[Data] Longitudinal Study of Treatment for Depression
Subjects were classified into two groups based on their diagnosis severity (mild/severe)
In each group, subjects were randomly assigned to one of two drugs
Dichotomous assessment of each subject’s extent of suffering from mental depression was made at weeks 1, 2, and 4
[Goal] Marginal model for
\[ \text{logit}(\pi) = \alpha+\beta_1 \text{severity}+\beta_2\text{drug}+\beta_3\text{time}+\beta_4(\text{drug}\times\text{time}) \]
[Code]
depression = read.csv("../data/depression.csv",header=TRUE)
head(depression)
## drug severity response time subject
## 1 Standard Mild N 0 1
## 2 Standard Mild N 1 1
## 3 Standard Mild N 2 1
## 4 Standard Mild N 0 2
## 5 Standard Mild N 1 2
## 6 Standard Mild N 2 2
depression$drug <- relevel(depression$drug , ref = "Standard")
library(lattice)
sample.proportion = aggregate((response == "N")~ severity+drug+time, data=depression, mean)
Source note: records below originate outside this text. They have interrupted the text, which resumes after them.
(* There is no integer $k$ such that the class of finite $1$-planar graphs has Assouad–Nagata dimension at most $k$.
   Context: A graph is $1$-planar if it can be drawn in the plane with at most one crossing on each edge. Graphs are unweighted metric spaces with the shortest-path distance. For a metric space $(X,d)$, a family $\mathcal U$ of subsets is $D$-bounded if every member has diameter at most $D$, and $r$-disjoint if points in different members are at distance $>r$. A function $D:\mathbb{R}^+\to\mathbb{R}^+$ is an $n$-dimensional control function for $X$ if for every $r>0$ there is a cover $\mathcal U=\mathcal U_1\cup\dots\cup\mathcal U_{n+1}$ of $X$ with each $\mathcal U_i$ $r$-disjoint and each member $D(r)$-bounded. A class has Assouad–Nagata dimension at most $n$ if there is a constant $c>0$ such that $D(r)=cr$ is an $n$-dimensional control function for every member. *)

theory Defs
  imports "HOL-Analysis.Analysis" "HOL-Library.Extended_Real"
begin

definition finite_graph :: "'a set \<Rightarrow> 'a set set \<Rightarrow> bool" where
  "finite_graph V E \<longleftrightarrow> finite V \<and> (\<forall>e\<in>E. \<exists>u v. e = {u, v} \<and> u \<noteq> v \<and> u \<in> V \<and> v \<in> V)"

text \<open>It is a 1-planar drawing if every edge has at most one crossing,
i.e. there is at most one pair (other edge f, point z) with z an interior point of both.\<close>
definition edge_interior :: "(real \<Rightarrow> complex) \<Rightarrow> complex set" where
  "edge_interior g = path_image g - {pathstart g, pathfinish g}"

definition one_planar_drawing ::
  "'a set \<Rightarrow> 'a set set \<Rightarrow> ('a \<Rightarrow> complex) \<Rightarrow> ('a set \<Rightarrow> real \<Rightarrow> complex) \<Rightarrow> bool" where
  "one_planar_drawing V E pos curve \<longleftrightarrow>
     inj_on pos V \<and>
     (\<forall>e\<in>E. arc (curve e) \<and> {pathstart (curve e), pathfinish (curve e)} = pos ` e \<and>
              edge_interior (curve e) \<inter> pos ` V = {}) \<and>
     (\<forall>e\<in>E. finite {(f, z). f \<in> E \<and> f \<noteq> e \<and>
                     z \<in> edge_interior (curve e) \<inter> edge_interior (curve f)} \<and>
            card {(f, z). f \<in> E \<and> f \<noteq> e \<and>
                     z \<in> edge_interior (curve e) \<inter> edge_interior (curve f)} \<le> 1)"

definition one_planar :: "'a set \<Rightarrow> 'a set set \<Rightarrow> bool" where
  "one_planar V E \<longleftrightarrow> (\<exists>pos curve. one_planar_drawing V E pos curve)"

text \<open>Shortest-path distance (\<infinity> between different components).\<close>
definition gdist :: "'a set set \<Rightarrow> 'a \<Rightarrow> 'a \<Rightarrow> enat" where
  "gdist E u v = (INF n \<in> {n. \<exists>w :: nat \<Rightarrow> 'a. w 0 = u \<and> w n = v \<and>
                                  (\<forall>i<n. {w i, w (Suc i)} \<in> E)}. enat n)"

definition gd :: "'a set set \<Rightarrow> 'a \<Rightarrow> 'a \<Rightarrow> ereal" where
  "gd E u v = ereal_of_enat (gdist E u v)"

definition bounded_family :: "'a set set \<Rightarrow> real \<Rightarrow> 'a set set \<Rightarrow> bool" where
  "bounded_family E D \<U> \<longleftrightarrow> (\<forall>U\<in>\<U>. \<forall>x\<in>U. \<forall>y\<in>U. gd E x y \<le> ereal D)"

definition disjoint_family_r :: "'a set set \<Rightarrow> real \<Rightarrow> 'a set set \<Rightarrow> bool" where
  "disjoint_family_r E r \<U> \<longleftrightarrow>
     (\<forall>U\<in>\<U>. \<forall>U'\<in>\<U>. U \<noteq> U' \<longrightarrow> (\<forall>x\<in>U. \<forall>y\<in>U'. gd E x y > ereal r))"

definition control_function :: "'a set \<Rightarrow> 'a set set \<Rightarrow> int \<Rightarrow> (real \<Rightarrow> real) \<Rightarrow> bool" where
  "control_function V E n D \<longleftrightarrow>
     (\<forall>r>0. \<exists>\<U> :: int \<Rightarrow> 'a set set.
        (\<forall>i\<in>{0..n}. (\<forall>U\<in>\<U> i. U \<subseteq> V) \<and> disjoint_family_r E r (\<U> i)
                     \<and> bounded_family E (D r) (\<U> i)) \<and>
        V \<subseteq> (\<Union>i\<in>{0..n}. \<Union>(\<U> i)))"
lemma labels_block_0:
  assumes "k < m"
  shows "block_of lams k = 0" "row_lab lams k = (0, 0)" "col_lab lams k = (0, k)"
proof -
  show block: "block_of lams k = 0"
    using assms by (intro block_of_eq) (simp_all add: sum_list_l1)
  have "row_in l1 k = 0"
    using assms sum_list_take_l1[of 1] by (intro row_in_eq) simp_all
  then show "row_lab lams k = (0, 0)" "col_lab lams k = (0, k)"
    using block by (simp_all add: row_lab_def col_lab_def local_idx_eq col_in_def)
qed

lemma labels_block_1:
  assumes "i < 3" "j < [p, q, r] ! i"
  shows "block_of lams (letter i j) = 1" "row_lab lams (letter i j) = (1, i)"
    "col_lab lams (letter i j) = (1, j)"
proof -
  have i: "i = 0 \<or> i = 1 \<or> i = 2"
    using assms(1) by auto
  have lt: "sum_list (take i [p, q, r]) + j < sum_list (take (Suc i) [p, q, r])"
    using i assms(2) by auto
  have "sum_list (take (Suc i) [p, q, r]) \<le> p + q + r"
    using i by auto
  then show block: "block_of lams (letter i j) = 1"
    using lt by (intro block_of_eq) (auto simp: letter_def numeral_2_eq_2 sum_list_l1 sum_list_l2)
  have "row_in l2 (sum_list (take i [p, q, r]) + j) = i"
    using lt by (intro row_in_eq) (simp_all add: sum_list_take_l2)
  then show "row_lab lams (letter i j) = (1, i)" "col_lab lams (letter i j) = (1, j)"
    using block
    by (simp_all add: row_lab_def col_lab_def local_idx_eq col_in_def sum_list_take_l2 letter_def
        sum_list_l1)
qed

lemma letter_cases:
  assumes "k < m + p + q + r"
  obtains "k < m" | i j where "i < 3" "j < [p, q, r] ! i" "k = letter i j"
proof -
  consider "k < m" | "m \<le> k" "k < m + p" | "m + p \<le> k" "k < m + p + q" | "m + p + q \<le> k"
    by linarith
  then show ?thesis
  proof cases
    case 2
    then show ?thesis using that(2)[of 0 "k - m"] by (simp add: letter_def)
  next
    case 3
    then show ?thesis using that(2)[of 1 "k - m - p"] by (simp add: letter_def)
  next
    case 4
    then show ?thesis using that(2)[of 2 "k - m - p - q"] assms by (simp add: letter_def numeral_2_eq_2)
  qed (use that in blast)
qed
xyplot(sample.proportion[,4] ~ factor(time)|severity, group=drug,
type="b", data=sample.proportion,
auto.key=TRUE, ylab="Sample Proportion", xlab="log2(Week)")
library(gee) # install this package with: install.packages("gee")
gee.fit.1 = gee((response=="N") ~ severity+drug*time, id=subject, data=depression, family=binomial)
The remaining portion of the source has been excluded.